A first community of the Hospital Brothers of St. Anthony was settled in 1650 and lasted until the French Revolution which closed the monastery in 1792.

In 1819, the painter Nicolas Ruyssen bought the ruins of the former hermitage to found a school. He had the buildings restored and in 1821, opened a boarding school there with the help of the Brothers of the Christian Schools of Saint-Omer. He soon had a hundred pupils but at his age, it was too heavy a burden. In 1825, he contacted the Trappist Abbey of Notre Dame du Gard. Eight Trappist monks arrived on 26 January 1826 and founded the Mont des Cats abbey. This congregation has run the abbey ever since. A breakaway group of Trappist monks left Mont des Cats and settled in Westvleteren (Belgium).

== World War One ==
During World War One the abbey was the scene of much action, particularly in 1914 during the Battle of Messines.
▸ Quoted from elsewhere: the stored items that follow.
(* Let $L>0$, $\epsilon>0$, $x\in\mathbb{R}$, and set $t=\sqrt{2\epsilon/L}$. Suppose $f,g:[x-t,x+t]\to\mathbb{R}$ are such that (a) $g$ is concave and differentiable on $[x-t,x+t]$, (b) $f'$ exists and is $L$-Lipschitz on $[x-t,x+t]$, and (c) $|f(a)-g(a)|\le\epsilon$ for all $a\in\{x-t,x,x+t\}$. Then $|f'(x)-g'(x)|\le2\sqrt{2L\epsilon}$. *)

theory Defs
  imports "HOL-Analysis.Analysis"
begin

end

theory Submission
  imports Defs
begin

(* Over a step h, the Lipschitz bound on f' makes f agree with its tangent line at x up to L h^2,
   while concavity keeps g below its tangent line at x.  Comparing the increments of f and g
   from x to x + h and from x - h to x, each side only loses the sampling error 2 epsilon, so
   |f'(x) - g'(x)| h <= L h^2 + 2 epsilon; the choice h = sqrt (2 epsilon / L) balances both terms. *)

lemma concave_on_imp_below_tangent:
  fixes g :: "real \<Rightarrow> real"
  assumes "concave_on A g" "connected A" "c \<in> interior A" "y \<in> A"
    and "(g has_field_derivative g') (at c within A)"
  shows "g y - g c \<le> g' * (y - c)"
proof -
  have convex: "convex_on A (\<lambda>z. - g z)"
    using assms(1) by (simp add: concave_on_def)
  have deriv: "((\<lambda>z. - g z) has_field_derivative - g') (at c within A)"
    using assms(5) by (rule DERIV_minus)
  have "- g y - - g c \<ge> - g' * (y - c)"
    by (rule convex_on_imp_above_tangent[OF convex assms(2-4) deriv])
  then show ?thesis by simp
qed

lemma lipschitz_deriv_secant_bound:
  fixes f f' :: "real \<Rightarrow> real"
  assumes "a \<le> b" "{a..b} \<subseteq> S"
    and deriv: "\<And>y. y \<in> S \<Longrightarrow> (f has_real_derivative f' y) (at y within S)"
    and lip: "L-lipschitz_on S f'"
    and p: "p \<in> {a..b}"
  shows "\<bar>f b - f a - f' p * (b - a)\<bar> \<le> L * (b - a)\<^sup>2"
proof (cases "a = b")
  case False
  then have "a < b" using \<open>a \<le> b\<close> by simp
  have "\<exists>c\<in>{a<..<b}. f b - f a = f' c * (b - a)"
  proof -
    have "(f has_derivative (\<lambda>h. f' y * h)) (at y within {a..b})" if "a \<le> y" "y \<le> b" for y
      using that assms(2) deriv has_field_derivative_subset
      by (fastforce simp: has_field_derivative_def)
    from mvt_simple[OF \<open>a < b\<close>, of f "\<lambda>y h. f' y * h", OF this] show ?thesis by simp
  qed
  then obtain c where c: "c \<in> {a<..<b}" and mvt: "f b - f a = f' c * (b - a)" by blast
  have "c \<in> S" "p \<in> S"
    using c p assms(2) by auto
  then have "\<bar>f' c - f' p\<bar> \<le> L * \<bar>c - p\<bar>"
    using lipschitz_onD[OF lip] by (simp add: dist_real_def)
  also have "\<dots> \<le> L * (b - a)"
    using c p lipschitz_on_nonneg[OF lip] by (intro mult_left_mono) auto
  finally have "\<bar>f' c - f' p\<bar> * (b - a) \<le> L * (b - a) * (b - a)"
    using \<open>a \<le> b\<close> by (intro mult_right_mono) auto
  then show ?thesis
    using \<open>a \<le> b\<close> by (simp add: mvt power2_eq_square abs_mult flip: left_diff_distrib)
qed simp

lemma deriv_diff_le_of_concave_approx:
  fixes f g f' :: "real \<Rightarrow> real"
  assumes "h > 0"
    and g_concave: "concave_on {x - h..x + h} g"
    and g_deriv: "(g has_real_derivative dg) (at x within {x - h..x + h})"
    and f_deriv: "\<And>y. y \<in> {x - h..x + h} \<Longrightarrow> (f has_real_derivative f' y) (at y within {x - h..x + h})"
    and f'_lip: "L-lipschitz_on {x - h..x + h} f'"
    and close: "\<And>a. a \<in> {x - h, x, x + h} \<Longrightarrow> \<bar>f a - g a\<bar> \<le> \<epsilon>"
  shows "\<bar>f' x - dg\<bar> \<le> L * h + 2 * \<epsilon> / h"
proof -
  let ?I = "{x - h..x + h}"
  have f_right: "\<bar>f (x + h) - f x - f' x * h\<bar> \<le> L * h\<^sup>2"
    using lipschitz_deriv_secant_bound[of x "x + h" ?I f f' L x] assms by simp
  have f_left: "\<bar>f x - f (x - h) - f' x * h\<bar> \<le> L * h\<^sup>2"
    using lipschitz_deriv_secant_bound[of "x - h" x ?I f f' L x] assms by simp
  have g_tangent: "g y - g x \<le> dg * (y - x)" if "y \<in> ?I" for y
    using concave_on_imp_below_tangent[OF g_concave _ _ that g_deriv] \<open>h > 0\<close> by simp
  have g_right: "g (x + h) - g x \<le> dg * h"
    using g_tangent[of "x + h"] \<open>h > 0\<close> by simp
  have g_left: "g (x - h) - g x \<le> - dg * h"
    using g_tangent[of "x - h"] \<open>h > 0\<close> by simp
  have "\<bar>f (x + h) - g (x + h)\<bar> \<le> \<epsilon>" "\<bar>f x - g x\<bar> \<le> \<epsilon>" "\<bar>f (x - h) - g (x - h)\<bar> \<le> \<epsilon>"
    using close by auto
  then have "(f' x - dg) * h \<le> L * h\<^sup>2 + 2 * \<epsilon>" "(dg - f' x) * h \<le> L * h\<^sup>2 + 2 * \<epsilon>"
    using f_right f_left g_right g_left by (auto simp: abs_le_iff algebra_simps)
  then have "\<bar>f' x - dg\<bar> * h \<le> L * h\<^sup>2 + 2 * \<epsilon>"
    by (simp add: abs_if)
  then show ?thesis
    using \<open>h > 0\<close> by (simp add: field_simps power2_eq_square)
qed

theorem lemma8:
  fixes L \<epsilon> x t :: real and f g f' g' :: "real \<Rightarrow> real"
  assumes "L > 0" and "\<epsilon> > 0"
    and t_def: "t = sqrt (2 * \<epsilon> / L)"
    and g_concave: "concave_on {x - t..x + t} g"
    and g_deriv: "\<And>y. y \<in> {x - t..x + t} \<Longrightarrow> (g has_real_derivative g' y) (at y within {x - t..x + t})"
    and f_deriv: "\<And>y. y \<in> {x - t..x + t} \<Longrightarrow> (f has_real_derivative f' y) (at y within {x - t..x + t})"
    and f'_lip: "L-lipschitz_on {x - t..x + t} f'"
    and close: "\<And>a. a \<in> {x - t, x, x + t} \<Longrightarrow> \<bar>f a - g a\<bar> \<le> \<epsilon>"
  shows "\<bar>f' x - g' x\<bar> \<le> 2 * sqrt (2 * L * \<epsilon>)"
proof -
  have "t > 0" using assms by simp
  have balance: "L * t\<^sup>2 = 2 * \<epsilon>"
    using assms by (simp add: real_sqrt_pow2)
  have "\<bar>f' x - g' x\<bar> \<le> L * t + 2 * \<epsilon> / t"
    using \<open>t > 0\<close> g_deriv[of x]
    by (intro deriv_diff_le_of_concave_approx[OF _ g_concave _ f_deriv f'_lip close]) auto
  also have "2 * \<epsilon> / t = L * t"
    using \<open>t > 0\<close> by (simp flip: balance add: power2_eq_square)
  also have "L * t = sqrt ((L * t)\<^sup>2)"
    using \<open>L > 0\<close> \<open>t > 0\<close> by simp
  also have "\<dots> = sqrt (L * (L * t\<^sup>2))"
    by (simp add: power2_eq_square algebra_simps)
  also have "\<dots> = sqrt (2 * L * \<epsilon>)"
    by (simp add: balance)
  finally show ?thesis by simp
qed

end
lemma double_integral_diff:
  assumes "(\<lambda>q. G (fst q) (snd q)) \<in> borel_measurable borel" "\<And>U V. \<bar>G U V\<bar> \<le> B"
    and "(\<lambda>q. H (fst q) (snd q)) \<in> borel_measurable borel" "\<And>U V. \<bar>H U V\<bar> \<le> C"
  shows "double_integral (\<lambda>U V. G U V - H U V) = double_integral G - double_integral H"
  unfolding double_integral_def
  using integrable_inner[OF assms(1,2)] integrable_inner[OF assms(3,4)]
    integrable_outer[OF assms(1,2)] integrable_outer[OF assms(3,4)]
  by simp

lemma double_integral_lborel_swap:
  fixes G :: "complex^'n^'n \<Rightarrow> complex^'n^'n \<Rightarrow> real \<Rightarrow> real"
  assumes m: "(\<lambda>q. G (fst q) (fst (snd q)) (snd (snd q))) \<in> borel_measurable borel"
    and b: "\<And>U V t. \<bar>G U V t\<bar> \<le> B * indicator {0..1} t"
  shows "double_integral (\<lambda>U V. \<integral>t. G U V t \<partial>lborel) = (\<integral>t. double_integral (\<lambda>U V. G U V t) \<partial>lborel)"
proof -
  have comp: "(\<lambda>y. G (f y) (g y) (h y)) \<in> borel_measurable borel"
    if "continuous_on UNIV f" "continuous_on UNIV g" "continuous_on UNIV h"
    for f g h :: "'a::{second_countable_topology, t2_space} \<Rightarrow> _"
  proof -
    have "(\<lambda>y. (f y, g y, h y)) \<in> borel_measurable borel"
      by (intro borel_measurable_continuous_onI continuous_intros that)
    from measurable_compose[OF this m] show ?thesis by simp
  qed
  have inner_swap: "(\<integral>V. (\<integral>t. G U V t \<partial>lborel) \<partial>\<mu>) = (\<integral>t. (\<integral>V. G U V t \<partial>\<mu>) \<partial>lborel)" for U
    by (rule integral_lborel_swap[OF comp b]) (intro continuous_intros)+
  have bound_U: "\<bar>\<integral>V. G U V t \<partial>\<mu>\<bar> \<le> B * indicator {0..1} t" for U t
    by (rule abs_integral_le_bound[OF integrable_bounded[OF comp b] b]) (intro continuous_intros)+
  have "(\<lambda>y. \<integral>V. G (fst y) V (snd y) \<partial>\<mu>) \<in> borel_measurable borel"
    by (rule borel_measurable_integral_param[where G="\<lambda>y V. G (fst y) V (snd y)", OF comp])
      (intro continuous_intros)+
  hence outer_swap: "(\<integral>U. (\<integral>t. (\<integral>V. G U V t \<partial>\<mu>) \<partial>lborel) \<partial>\<mu>)
      = (\<integral>t. (\<integral>U. (\<integral>V. G U V t \<partial>\<mu>) \<partial>\<mu>) \<partial>lborel)"
    by (intro integral_lborel_swap[OF _ bound_U]) simp
  show ?thesis unfolding double_integral_def inner_swap outer_swap ..
qed

lemma nn_integral_max_0_eq_double_integral:
  fixes g :: "complex^'n^'n \<Rightarrow> complex^'n^'n \<Rightarrow> ereal"
  assumes measurable: "(\<lambda>q. G (fst q) (snd q)) \<in> borel_measurable borel"
    and bounded: "\<And>U V. \<bar>G U V\<bar> \<le> B"
    and eq: "\<And>U V. U \<in> unitary_group \<Longrightarrow> V \<in> unitary_group \<Longrightarrow> g U V = ereal (G U V)"
  shows "(\<integral>\<^sup>+U. \<integral>\<^sup>+V. e2ennreal (max 0 (g U V)) \<partial>\<mu> \<partial>\<mu>) = ennreal (double_integral (\<lambda>U V. max 0 (G U V)))"
proof -
  have inner: "(\<integral>\<^sup>+V. e2ennreal (max 0 (g U V)) \<partial>\<mu>) = (\<integral>\<^sup>+V. ennreal (max 0 (G U V)) \<partial>\<mu>)"
    if "U \<in> unitary_group" for U
  proof (rule nn_integral_cong_AE)
    show "AE V in \<mu>. e2ennreal (max 0 (g U V)) = ennreal (max 0 (G U V))"
      using AE_unitary by eventually_elim (simp add: eq[OF that] e2ennreal_max_0_ereal)
  qed
  have "(\<integral>\<^sup>+U. \<integral>\<^sup>+V. e2ennreal (max 0 (g U V)) \<partial>\<mu> \<partial>\<mu>) = (\<integral>\<^sup>+U. \<integral>\<^sup>+V. ennreal (max 0 (G U V)) \<partial>\<mu> \<partial>\<mu>)"
    by (rule nn_integral_cong_AE) (use AE_unitary in eventually_elim, simp add: inner)
  also have "\<dots> = ennreal (double_integral (\<lambda>U V. max 0 (G U V)))"
  proof (rule nn_integral_double)
    show "(\<lambda>q. max 0 (G (fst q) (snd q))) \<in> borel_measurable borel"
      using measurable by (intro borel_measurable_max) simp_all
    show "\<bar>max 0 (G U V)\<bar> \<le> B" for U V using bounded[of U V] by auto
  qed simp
  finally show ?thesis .
qed
lemma bilinear_eqns:
  assumes "bilinear f"
  shows "f (u + v) w = f u w + f v w" "f u (v + w) = f u v + f u w"
    "f (u - v) w = f u w - f v w" "f u (v - w) = f u v - f u w"
    "f (c *\<^sub>R u) w = c *\<^sub>R f u w" "f u (c *\<^sub>R w) = c *\<^sub>R f u w"
    "f (- u) w = - f u w" "f u (- w) = - f u w" "f 0 w = 0" "f u 0 = 0"
  using assms by (simp_all add: bilinear_ladd bilinear_radd bilinear_lsub bilinear_rsub
      bilinear_lmul bilinear_rmul bilinear_lneg bilinear_rneg bilinear_lzero bilinear_rzero)


subsection \<open>Dual bases\<close>

definition dual_basis :: "('i::finite \<Rightarrow> 'v::real_vector) \<Rightarrow> ('i \<Rightarrow> 'v \<Rightarrow> real) \<Rightarrow> bool" where
  "dual_basis x \<phi> \<longleftrightarrow> (\<forall>i. linear (\<phi> i)) \<and> (\<forall>i j. \<phi> i (x j) = (if i = j then 1 else 0))
     \<and> (\<forall>w. (\<Sum>i\<in>UNIV. \<phi> i w *\<^sub>R x i) = w)"

lemma dual_basisD:
  assumes "dual_basis x \<phi>"
  shows "linear (\<phi> i)" and "\<phi> i (x j) = (if i = j then 1 else 0)"
    and "(\<Sum>i\<in>UNIV. \<phi> i w *\<^sub>R x i) = w"
  using assms unfolding dual_basis_def by simp_all

lemma dual_basis_eqI:
  assumes "dual_basis x \<phi>" and "\<And>i. \<phi> i u = \<phi> i v"
  shows "u = v"
proof -
  have "u = (\<Sum>i\<in>UNIV. \<phi> i u *\<^sub>R x i)"
    by (rule dual_basisD(3)[OF assms(1), symmetric])
  also have "\<dots> = (\<Sum>i\<in>UNIV. \<phi> i v *\<^sub>R x i)"
    by (simp only: assms(2))
  also have "\<dots> = v"
    by (rule dual_basisD(3)[OF assms(1)])
  finally show ?thesis .
qed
On 12 October 1914, the British 3rd Cavalry Brigade consisting of 4th Hussars, 5th Royal Irish Lancers and 16th Lancers attacked Mont des Cats, against Germans who were dug in on Mont des Cats and at Vleteren. They advanced up the slopes covered in hop-fields towards the monastery on the hilltop, with dismounted cavalry attacking from the west and mounted cavalry with a battery of horse artillery from the south. After some hard fighting, the monastery was wrested from German hands. During this engagement, Prince Maximilian Friedrich Wilhelm Georg von Hesse was mortally wounded and died in the monastery later that night. The 5th Lancers occupied the monastery that night along with some German wounded.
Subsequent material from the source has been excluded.